Through her work, we are drawn into the world of those who, for the sake of a greater cause, have chosen risk over safety. The resulting images are depictions of an alternative life in the forest. Some of them are theatrical; others are beautifully youthful.
We see people wearing animal masks, surfing down piles of mud, hanging around in camouflage, building barricades made of trash. The setting feels playful and magical, even though the risks and issues at hand are very real.
By photographing a place of waiting and wishing, Hirve captures the activists' state of mind. She's also able to convey the humor and lightheartedness of the community while raising questions about society in decay.

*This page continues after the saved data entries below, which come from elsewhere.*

theorem proposition4:
  fixes M :: "'s measure" and X :: "'s \<Rightarrow> real^'d" and Y :: "'s \<Rightarrow> real"
    and w wh :: "real^'d \<Rightarrow> real" and eps Lam :: real
  assumes "prob_space M"
    and "X \<in> borel_measurable M" and "Y \<in> borel_measurable M"
    and "w \<in> borel_measurable borel" and "wh \<in> borel_measurable borel"
    and "\<forall>\<omega>\<in>space M. w (X \<omega>) > 0"
    and "(\<integral>\<omega>. w (X \<omega>) \<partial>M) = 1"
    and "integrable M (\<lambda>\<omega>. w (X \<omega>) *\<^sub>R outer (X \<omega>))"
    and "integrable M (\<lambda>\<omega>. (w (X \<omega>) * Y \<omega>) *\<^sub>R X \<omega>)"
    and "integrable M (\<lambda>\<omega>. norm (X \<omega>) ^ 4)"
    and "integrable M (\<lambda>\<omega>. norm (Y \<omega> *\<^sub>R X \<omega>) ^ 2)"
    and "integrable M (\<lambda>\<omega>. (w (X \<omega>) - wh (X \<omega>)) ^ 2)"
    and "lambda_min (Sigma_u M X w) = Lam" and "Lam > 0"
    and "eps \<ge> 0"
    and "(\<integral>\<omega>. (w (X \<omega>) - wh (X \<omega>)) ^ 2 \<partial>M) = eps ^ 2"
    and "eps ^ 2 < Lam ^ 2 / (\<integral>\<omega>. norm (X \<omega>) ^ 4 \<partial>M)"
    and "cross_u M X Y w \<noteq> 0"
  shows "norm (beta_u M X Y wh - beta_u M X Y w)
    \<le> eps * spec_norm (Sigma_u M X w) * norm (beta_u M X Y w)
        / (Lam - eps * sqrt (\<integral>\<omega>. norm (X \<omega>) ^ 4 \<partial>M))
      * (sqrt (\<integral>\<omega>. norm (X \<omega>) ^ 4 \<partial>M) / spec_norm (Sigma_u M X w)
         + sqrt (\<integral>\<omega>. norm (Y \<omega> *\<^sub>R X \<omega>) ^ 2 \<partial>M) / norm (cross_u M X Y w))"
proof -
  define S c b where "S = Sigma_u M X w" and "c = cross_u M X Y w" and "b = beta_u M X Y w"
  define s t where "s = sqrt (\<integral>\<omega>. norm (X \<omega>) ^ 4 \<partial>M)"
    and "t = sqrt (\<integral>\<omega>. norm (Y \<omega> *\<^sub>R X \<omega>) ^ 2 \<partial>M)"
  have eps: "sqrt (\<integral>\<omega>. (w (X \<omega>) - wh (X \<omega>)) ^ 2 \<partial>M) = eps"
    using assms(15,16) by simp
  have S_lower: "Lam * norm x \<le> norm (S *v x)" for x
    using lambda_min_norm_le[OF transpose_Sigma_u, of M X w x] assms(13,14) by (simp add: S_def)
  have "eps * s < Lam"
    unfolding s_def using assms(15,14,17) by (rule mult_sqrt_less_if_power2_less_divide)
  have "norm (beta_u M X Y wh - b) \<le> (norm (cross_u M X Y wh - c) + eps * s * norm b) / (Lam - eps * s)"
    unfolding b_def beta_u_def S_def[symmetric] c_def[symmetric]
    using S_lower norm_Sigma_u_diff_le[OF assms(2,4,5,8,10,12)] eps \<open>eps * s < Lam\<close> assms(15)
    by (intro norm_matrix_inv_perturbation_le) (simp_all add: S_def s_def)
  also have "\<dots> \<le> eps * (t + s * norm b) / (Lam - eps * s)"
    using norm_cross_u_diff_le[OF assms(2-5,9,11,12)] eps \<open>eps * s < Lam\<close>
    by (intro divide_right_mono) (simp_all add: c_def t_def algebra_simps)
  also have "\<dots> \<le> eps * (spec_norm S * norm b * (s / spec_norm S + t / norm c)) / (Lam - eps * s)"
  proof -
    have "S *v b = c"
      unfolding b_def beta_u_def S_def[symmetric] c_def[symmetric] using assms(14)
      by (intro invertible_matrix_inv_right invertible_if_norm_lower_bound[OF S_lower])
    then have "norm c \<le> spec_norm S * norm b"
      using norm_matrix_vector_mult_le_spec_norm by metis
    then show ?thesis
      using add_le_relative_form[of "norm c" "spec_norm S" "norm b" t s] assms(15,18) \<open>eps * s < Lam\<close>
      by (intro divide_right_mono mult_left_mono) (simp_all add: c_def t_def)
  qed
  finally show ?thesis
    by (simp add: S_def b_def c_def s_def t_def)
qed
lemma convex_approximants:
  assumes "convex C"
  shows "convex (approximants C M F e)"
proof (rule convexI)
  fix x y :: 'a and u v :: real
  assume "x \<in> approximants C M F e" "y \<in> approximants C M F e" and uv: "0 \<le> u" "0 \<le> v" "u + v = 1"
  then obtain \<phi> \<psi> where x: "norm x \<le> M" "\<phi> \<in> C" "\<forall>f\<in>F. \<bar>blinfun_apply f x - blinfun_apply \<phi> f\<bar> \<le> e"
    and y: "norm y \<le> M" "\<psi> \<in> C" "\<forall>f\<in>F. \<bar>blinfun_apply f y - blinfun_apply \<psi> f\<bar> \<le> e"
    unfolding approximants_def by blast
  have "u *\<^sub>R x + v *\<^sub>R y \<in> cball 0 M"
    using x y uv by (intro convexD[OF convex_cball]) auto
  moreover have "u *\<^sub>R \<phi> + v *\<^sub>R \<psi> \<in> C"
    using assms x y uv by (intro convexD) auto
  moreover have "\<bar>blinfun_apply f (u *\<^sub>R x + v *\<^sub>R y) - blinfun_apply (u *\<^sub>R \<phi> + v *\<^sub>R \<psi>) f\<bar> \<le> e"
    if f: "f \<in> F" for f
  proof -
    have "\<bar>blinfun_apply f (u *\<^sub>R x + v *\<^sub>R y) - blinfun_apply (u *\<^sub>R \<phi> + v *\<^sub>R \<psi>) f\<bar>
        = \<bar>u * (blinfun_apply f x - blinfun_apply \<phi> f) + v * (blinfun_apply f y - blinfun_apply \<psi> f)\<bar>"
      by (simp add: blinfun.add_right blinfun.scaleR_right blinfun.add_left blinfun.scaleR_left algebra_simps)
    also have "\<dots> \<le> u * \<bar>blinfun_apply f x - blinfun_apply \<phi> f\<bar> + v * \<bar>blinfun_apply f y - blinfun_apply \<psi> f\<bar>"
      using uv by (simp add: abs_triangle_ineq[THEN order_trans] abs_mult)
    also have "\<dots> \<le> u * e + v * e"
      using uv x(3) y(3) f by (intro add_mono mult_left_mono) auto
    finally show ?thesis using uv by (simp add: distrib_right[symmetric])
  qed
  ultimately show "u *\<^sub>R x + v *\<^sub>R y \<in> approximants C M F e"
    unfolding approximants_def by auto
qed

lemma filtering_family_closure_approximants:
  fixes C :: "(('a::real_normed_vector \<Rightarrow>\<^sub>L real) \<Rightarrow>\<^sub>L real) set" and M :: real
  defines "\<Gamma> \<equiv> (\<lambda>(F, e). closure (approximants C M F e)) ` {(F, e). finite F \<and> 0 < e}"
  shows "filtering_family \<Gamma> {(A, B). A \<in> \<Gamma> \<and> B \<in> \<Gamma> \<and> B \<subseteq> A} (\<lambda>A. A)"
proof (rule filtering_family_reverse_inclusion)
  fix A B assume "A \<in> \<Gamma>" "B \<in> \<Gamma>"
  then obtain F1 e1 F2 e2 where "finite F1" "0 < e1" "finite F2" "0 < e2"
    and A: "A = closure (approximants C M F1 e1)" and B: "B = closure (approximants C M F2 e2)"
    unfolding \<Gamma>_def by auto
  then have "closure (approximants C M (F1 \<union> F2) (min e1 e2)) \<in> \<Gamma>"
    unfolding \<Gamma>_def by (intro rev_image_eqI[of "(F1 \<union> F2, min e1 e2)"]) simp_all
  moreover have "closure (approximants C M (F1 \<union> F2) (min e1 e2)) \<subseteq> A"
    "closure (approximants C M (F1 \<union> F2) (min e1 e2)) \<subseteq> B"
    unfolding A B by (intro closure_mono approximants_antimono; simp)+
  ultimately show "\<exists>D\<in>\<Gamma>. D \<subseteq> A \<and> D \<subseteq> B" by blast
qed

lemma subset_weak_star_closure_approximants:
  assumes M: "\<And>\<phi>. \<phi> \<in> C \<Longrightarrow> norm \<phi> \<le> M" and F: "finite F" and e: "0 < e"
  shows "C \<subseteq> weak_star closure_of (canon_embed ` approximants C M F e)"
proof
  fix \<phi> assume \<phi>: "\<phi> \<in> C"
  show "\<phi> \<in> weak_star closure_of (canon_embed ` approximants C M F e)"
    unfolding in_weak_star_closure_of_iff
  proof (intro allI impI)
    fix G :: "('a \<Rightarrow>\<^sub>L real) set" and \<delta> :: real
    assume "finite G \<and> 0 < \<delta>"
    then obtain x where x: "norm x \<le> M"
      and close: "\<forall>g\<in>F \<union> G. \<bar>blinfun_apply g x - blinfun_apply \<phi> g\<bar> < min e \<delta>"
      using helly_finite_approximation[OF M[OF \<phi>], of "F \<union> G" "min e \<delta>"] F e by auto
    then have "x \<in> approximants C M F e"
      unfolding approximants_def using \<phi> by (auto intro: less_imp_le)
    moreover have "\<forall>g\<in>G. \<bar>blinfun_apply (canon_embed x) g - blinfun_apply \<phi> g\<bar> < \<delta>"
      using close by simp
    ultimately show "\<exists>\<xi>\<in>canon_embed ` approximants C M F e.
        \<forall>g\<in>G. \<bar>blinfun_apply \<xi> g - blinfun_apply \<phi> g\<bar> < \<delta>"
      by blast
  qed
qed
(* Let $P$ be a finite set of real numbers with $0\in P$, and let $a=(a_n)$ be a sequence of real numbers such that $\sum_n a_n$ is absolutely convergent and $|a_n|\ge|a_{n+1}|>0$ for all $n\in\mathbb N$. Then there exists a sequence $((x_n,y_n))_n$ in $\mathbb R^2$ with $\sum_n(|x_n|+|y_n|)<\infty$ such that $E(x_n,y_n)_0=S(P,a)$.
   Context: For an absolutely convergent series $\sum_n v_n$ in $\mathbb R^2$, its achievement set is $E(v_n)=\{\sum_{n=1}^\infty \varepsilon_n v_n : (\varepsilon_n)\in\{0,1\}^{\mathbb N}\}$; $E(x_n,y_n)$ denotes the achievement set of $((x_n,y_n))_n$. For $A\subset\mathbb R^2$ and $c\in\mathbb R$, $A_c=\{s\in\mathbb R:(s,c)\in A\}$. The set of $P$-sums is $S(P,a)=\{\sum_{n=1}^\infty \varepsilon_n a_n : (\varepsilon_n)\in P^{\mathbb N}\}$. *)

theory Defs
  imports "HOL-Analysis.Analysis"
begin

definition achievement_set :: "(nat \<Rightarrow> real \<times> real) \<Rightarrow> (real \<times> real) set" where
  "achievement_set v = {(\<Sum>n. \<epsilon> n *\<^sub>R v n) | \<epsilon>. \<forall>n. \<epsilon> n \<in> {0, 1}}"

definition section_at :: "(real \<times> real) set \<Rightarrow> real \<Rightarrow> real set" where
  "section_at A c = {s. (s, c) \<in> A}"

definition P_sums :: "real set \<Rightarrow> (nat \<Rightarrow> real) \<Rightarrow> real set" where
  "P_sums P a = {(\<Sum>n. \<epsilon> n * a n) | \<epsilon>. \<forall>n. \<epsilon> n \<in> P}"

end

theory Submission
  imports Defs
begin

text \<open>Write P - {0} = {p_0, ..., p_(m-1)} and replace each term a_n by a block of m + 1 vectors:
  (p_j a_n, r^n) for j < m, and (0, -r^n), where r = 1/(m + 3). A 0/1 selection contributes c_n r^n
  to the second coordinate from block n, with an integer c_n between -1 and m; as r is small, a
  vanishing second coordinate forces every c_n = 0, i.e. each block selects either nothing or a
  single vector (p_j a_n, r^n) together with (0, -r^n). Hence the points of the achievement set on
  the horizontal axis are exactly the P-sums.\<close>

lemma sums_Pair:
  fixes f g :: "nat \<Rightarrow> 'a::real_normed_vector"
  assumes "f sums s" and "g sums t"
  shows "(\<lambda>n. (f n, g n)) sums (s, t)"
  using tendsto_Pair[OF assms[unfolded sums_def]] by (simp add: sums_def sum_prod)

lemma sum_lessThan_mult_comp_div:
  fixes g :: "nat \<Rightarrow> 'a::comm_semiring_1"
  assumes "0 < k"
  shows "(\<Sum>N<n * k. g (N div k)) = of_nat k * (\<Sum>i<n. g i)"
proof -
  have block: "(\<Sum>N\<in>{i * k..<i * k + k}. g (N div k)) = of_nat k * g i" for i
  proof -
    have "N div k = i" if "N \<in> {i * k..<i * k + k}" for N
      using that by (intro div_nat_eqI) (auto simp: mult.commute)
    then show ?thesis by simp
  qed
  have "(\<Sum>N<n * k. g (N div k)) = (\<Sum>i<n. \<Sum>N\<in>{i * k..<i * k + k}. g (N div k))"
    by (rule sum.nat_group[symmetric])
  also have "\<dots> = of_nat k * (\<Sum>i<n. g i)"
    by (simp add: block sum_distrib_left)
  finally show ?thesis .
qed

lemma summable_comp_div:
  fixes g :: "nat \<Rightarrow> real"
  assumes "0 < k" and "summable g" and "\<And>n. 0 \<le> g n"
  shows "summable (\<lambda>N. g (N div k))"
proof (rule bounded_imp_summable)
  fix n
  have "n < Suc n * k"
    using assms(1) by (cases k) auto
  then have "(\<Sum>N\<le>n. g (N div k)) \<le> (\<Sum>N<Suc n * k. g (N div k))"
    using assms(3) by (intro sum_mono2) auto
  also have "\<dots> = of_nat k * (\<Sum>i<Suc n. g i)"
    by (rule sum_lessThan_mult_comp_div[OF assms(1)])
  also have "\<dots> \<le> of_nat k * suminf g"
    using assms by (intro mult_left_mono sum_le_suminf) auto
  finally show "(\<Sum>N\<le>n. g (N div k)) \<le> of_nat k * suminf g" .
qed (use assms(3) in auto)

lemma int_coeffs_eq_0_if_sums_zero:
  fixes c :: "nat \<Rightarrow> real" and r M :: real
  assumes int: "\<And>n. c n \<in> \<int>" and bound: "\<And>n. \<bar>c n\<bar> \<le> M"
    and sums0: "(\<lambda>n. c n * r ^ n) sums 0" and r: "0 < r" "M * r < 1 - r"
  shows "c n = 0"
proof (rule ccontr)
  assume "c n \<noteq> 0"
  define k where "k = (LEAST k. c k \<noteq> 0)"
  have ck: "c k \<noteq> 0" and below: "\<And>i. i < k \<Longrightarrow> c i = 0"
    using LeastI[of "\<lambda>k. c k \<noteq> 0", OF \<open>c n \<noteq> 0\<close>] not_less_Least[of _ "\<lambda>k. c k \<noteq> 0"]
    unfolding k_def by blast+
  have "0 \<le> M * r" using bound[of 0] r by simp
  then have r1: "r < 1" using r by linarith
  have "(\<lambda>i. c (i + Suc k) * r ^ (i + Suc k)) sums (- (\<Sum>i<Suc k. c i * r ^ i))"
    using sums_split_initial_segment[OF sums0, of "Suc k"] by simp
  also have "(\<Sum>i<Suc k. c i * r ^ i) = c k * r ^ k"
    using below by (simp add: sum.lessThan_Suc)
  finally have tail: "(\<lambda>i. c (i + Suc k) * r ^ (i + Suc k)) sums (- (c k * r ^ k))" .
  have geom: "(\<lambda>i. M * r ^ Suc k * r ^ i) sums (M * r ^ Suc k / (1 - r))"
    using sums_mult[OF geometric_sums, of r "M * r ^ Suc k"] r r1 by simp
  have "r ^ k \<le> \<bar>c k\<bar> * r ^ k"
    using Ints_nonzero_abs_ge1[OF int ck] r by simp
  also have "\<dots> = norm (\<Sum>i. c (i + Suc k) * r ^ (i + Suc k))"
    unfolding sums_unique[OF tail, symmetric] using r by (simp add: abs_mult)
  also have "\<dots> \<le> (\<Sum>i. M * r ^ Suc k * r ^ i)"
  proof (rule norm_suminf_le)
    show "norm (c (i + Suc k) * r ^ (i + Suc k)) \<le> M * r ^ Suc k * r ^ i" for i
      using bound[of "i + Suc k"] r by (simp add: abs_mult power_add mult_right_mono)
  qed (use geom in \<open>rule sums_summable\<close>)
  also have "\<dots> = M * r ^ Suc k / (1 - r)"
    by (rule sums_unique[OF geom, symmetric])
  also have "\<dots> = r ^ k * (M * r / (1 - r))"
    by (simp add: mult_ac)
  also have "\<dots> < r ^ k"
    using r r1 by (simp add: divide_simps)
  finally show False by simp
qed

lemma sum_select_at_most_one:
  fixes e p :: "'a \<Rightarrow> real"
  assumes "finite A" and "\<And>j. j \<in> A \<Longrightarrow> e j \<in> {0, 1}" and "sum e A \<le> 1"
  shows "(\<Sum>j\<in>A. e j * p j) \<in> insert 0 (p ` A)"
proof (cases "\<exists>j0\<in>A. e j0 = 1")
  case False
  then have "\<forall>j\<in>A. e j = 0" using assms(2) by blast
  then show ?thesis by simp
next
  case True
  then obtain j0 where j0: "j0 \<in> A" "e j0 = 1" by blast
  have "sum e (A - {j0}) = 0"
    using sum.remove[OF assms(1) j0(1), of e] assms j0 sum_nonneg[of "A - {j0}" e] by force
  then have "\<forall>j\<in>A - {j0}. e j = 0"
    using assms by (subst (asm) sum_nonneg_eq_0_iff) force+
  then have "(\<Sum>j\<in>A. e j * p j) = p j0"
    using sum.remove[OF assms(1) j0(1), of "\<lambda>j. e j * p j"] j0 by simp
  then show ?thesis using j0 by simp
qed

locale P_sums_encoding =
  fixes ps :: "real list" and a :: "nat \<Rightarrow> real"
  assumes distinct_ps: "distinct ps" and zero_notin_ps: "0 \<notin> set ps"
    and summable_abs_a: "summable (\<lambda>n. \<bar>a n\<bar>)"
begin

abbreviation m :: nat where "m \<equiv> length ps"

definition r :: real where "r = 1 / (real m + 3)"

definition x :: "nat \<Rightarrow> real" where
  "x N = (if N mod Suc m < m then ps ! (N mod Suc m) * a (N div Suc m) else 0)"

definition y :: "nat \<Rightarrow> real" where
  "y N = (if N mod Suc m < m then r ^ (N div Suc m) else - (r ^ (N div Suc m)))"

definition block_value :: "(nat \<Rightarrow> real) \<Rightarrow> nat \<Rightarrow> real" where
  "block_value e n = (\<Sum>j<m. e (n * Suc m + j) * ps ! j)"

definition block_balance :: "(nat \<Rightarrow> real) \<Rightarrow> nat \<Rightarrow> real" where
  "block_balance e n = (\<Sum>j<m. e (n * Suc m + j)) - e (n * Suc m + m)"

lemma r_pos: "0 < r"
  by (simp add: r_def)

lemma nth_ps_neq_0: "j < m \<Longrightarrow> ps ! j \<noteq> 0"
  using zero_notin_ps nth_mem by metis

lemma mod_block [simp]: "j \<le> m \<Longrightarrow> (n * Suc m + j) mod Suc m = j"
  and div_block [simp]: "j \<le> m \<Longrightarrow> (n * Suc m + j) div Suc m = n"
  by (simp_all del: mult_Suc_right)

lemma summable_abs_xy: "summable (\<lambda>N. \<bar>x N\<bar> + \<bar>y N\<bar>)"
proof -
  define C where "C = Max (insert 0 (abs ` set ps))"
  have C: "0 \<le> C" "\<And>j. j < m \<Longrightarrow> \<bar>ps ! j\<bar> \<le> C"
    unfolding C_def by (auto intro: Max_ge)
  define g where "g n = C * \<bar>a n\<bar> + r ^ n" for n
  have "summable g"
    unfolding g_def using summable_abs_a r_pos r_def
    by (intro summable_add summable_mult summable_geometric) auto
  then have "summable (\<lambda>N. g (N div Suc m))"
    by (rule summable_comp_div[OF zero_less_Suc]) (use C r_pos in \<open>auto simp: g_def\<close>)
  then show ?thesis
  proof (rule summable_comparison_test')
    show "norm (\<bar>x N\<bar> + \<bar>y N\<bar>) \<le> g (N div Suc m)" for N
      using C(1) C(2)[of "N mod Suc m"] r_pos
      by (auto simp: x_def y_def g_def abs_mult intro: mult_right_mono)
  qed
qed

lemma x_block: "j < m \<Longrightarrow> x (n * Suc m + j) = ps ! j * a n" "x (n * Suc m + m) = 0"
  by (simp_all add: x_def del: mult_Suc_right)

lemma y_block: "j < m \<Longrightarrow> y (n * Suc m + j) = r ^ n" "y (n * Suc m + m) = - (r ^ n)"
  by (simp_all add: y_def del: mult_Suc_right)

lemma sum_block:
  "(\<Sum>N\<in>{n * Suc m..<n * Suc m + Suc m}. f N) = (\<Sum>j<m. f (n * Suc m + j)) + f (n * Suc m + m)"
  by (simp add: sum.atLeastLessThan_shift_0[of f] atLeast0LessThan del: mult_Suc_right)

lemma selection_sums:
  assumes "\<And>N. \<bar>e N\<bar> \<le> 1"
  shows "(\<lambda>N. e N *\<^sub>R (x N, y N)) sums (\<Sum>N. e N * x N, \<Sum>N. e N * y N)"
    and "(\<lambda>n. block_value e n * a n) sums (\<Sum>N. e N * x N)"
    and "(\<lambda>n. block_balance e n * r ^ n) sums (\<Sum>N. e N * y N)"
proof -
  have "\<bar>e N * x N\<bar> \<le> \<bar>x N\<bar> + \<bar>y N\<bar>" "\<bar>e N * y N\<bar> \<le> \<bar>x N\<bar> + \<bar>y N\<bar>" for N
    using assms[of N] mult_left_le_one_le[of "\<bar>x N\<bar>" "\<bar>e N\<bar>"]
      mult_left_le_one_le[of "\<bar>y N\<bar>" "\<bar>e N\<bar>"]
    by (auto simp: abs_mult intro: add_increasing add_increasing2)
  then have "summable (\<lambda>N. e N * x N)" "summable (\<lambda>N. e N * y N)"
    by (auto intro: summable_comparison_test'[OF summable_abs_xy])
  then have sx: "(\<lambda>N. e N * x N) sums (\<Sum>N. e N * x N)"
    and sy: "(\<lambda>N. e N * y N) sums (\<Sum>N. e N * y N)"
    by (simp_all add: summable_sums)
  show "(\<lambda>N. e N *\<^sub>R (x N, y N)) sums (\<Sum>N. e N * x N, \<Sum>N. e N * y N)"
    using sums_Pair[OF sx sy] by simp
  show "(\<lambda>n. block_value e n * a n) sums (\<Sum>N. e N * x N)"
    using sums_group[OF sx, of "Suc m"] unfolding sum_block
    by (simp add: block_value_def x_block sum_distrib_right mult.assoc del: mult_Suc_right)
  show "(\<lambda>n. block_balance e n * r ^ n) sums (\<Sum>N. e N * y N)"
    using sums_group[OF sy, of "Suc m"] unfolding sum_block
    by (simp add: block_balance_def y_block sum_distrib_right left_diff_distrib del: mult_Suc_right)
qed

lemma block_balance_eq_0:
  assumes e: "\<And>N. e N \<in> {0, 1}" and y0: "(\<Sum>N. e N * y N) = 0"
  shows "block_balance e n = 0"
proof (rule int_coeffs_eq_0_if_sums_zero)
  have e01: "0 \<le> e N" "e N \<le> 1" for N
    using e[of N] by auto
  have "e N \<in> \<int>" for N
    using e[of N] by auto
  then show "block_balance e n \<in> \<int>" for n
    unfolding block_balance_def by (intro Ints_diff Ints_sum) auto
  show "\<bar>block_balance e n\<bar> \<le> real m + 1" for n
  proof -
    have "(\<Sum>j<m. e (n * Suc m + j)) \<le> real m"
      using sum_mono[of "{..<m}" "\<lambda>j. e (n * Suc m + j)" "\<lambda>_. 1"] e01 by simp
    moreover have "0 \<le> (\<Sum>j<m. e (n * Suc m + j))"
      using e01 by (simp add: sum_nonneg)
    ultimately show ?thesis
      unfolding block_balance_def abs_le_iff using e01[of "n * Suc m + m"] by linarith
  qed
  show "(\<lambda>n. block_balance e n * r ^ n) sums 0"
    using selection_sums(3)[of e] e01 y0 by (simp add: abs_le_iff)
  show "0 < r" by (rule r_pos)
  show "(real m + 1) * r < 1 - r"
    by (simp add: r_def field_simps)
qed

lemma block_value_mem:
  assumes e: "\<And>N. e N \<in> {0, 1}" and "block_balance e n = 0"
  shows "block_value e n \<in> insert 0 (set ps)"
proof -
  have "(\<Sum>j<m. e (n * Suc m + j)) \<le> 1"
    using assms(2) e[of "n * Suc m + m"] unfolding block_balance_def by auto
  then have "block_value e n \<in> insert 0 ((!) ps ` {..<m})"
    unfolding block_value_def using e by (intro sum_select_at_most_one) auto
  also have "(!) ps ` {..<m} = set ps"
    by (auto simp: in_set_conv_nth)
  finally show ?thesis .
qed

Hirve didn't expect the apocalyptic "Day X" that the activists feared to really arrive. However, in September 2018, it did. Police and special forces began a massive and systematic eviction of the area, destroying the treehouses and arresting activists for five days before a journalist fell from a tree and died, halting the process. It is believed to be one of the largest and longest police operations in the German state of North Rhine-Westphalia.
Hirve's story had an ending, and the current struggle has at least a temporary ending: For now, RWE has told the state government that it will not touch the Hambach Forest until late 2020.
But the final ending — of the story of the eco-activists and the long-term future of Hambach — is still uncertain.
That's what Hirve's work touches on: uncertainty and frustration. "What else do we have, if not our need to keep fighting in the face of the end of the world? And why must we wait for the end of the world to act?"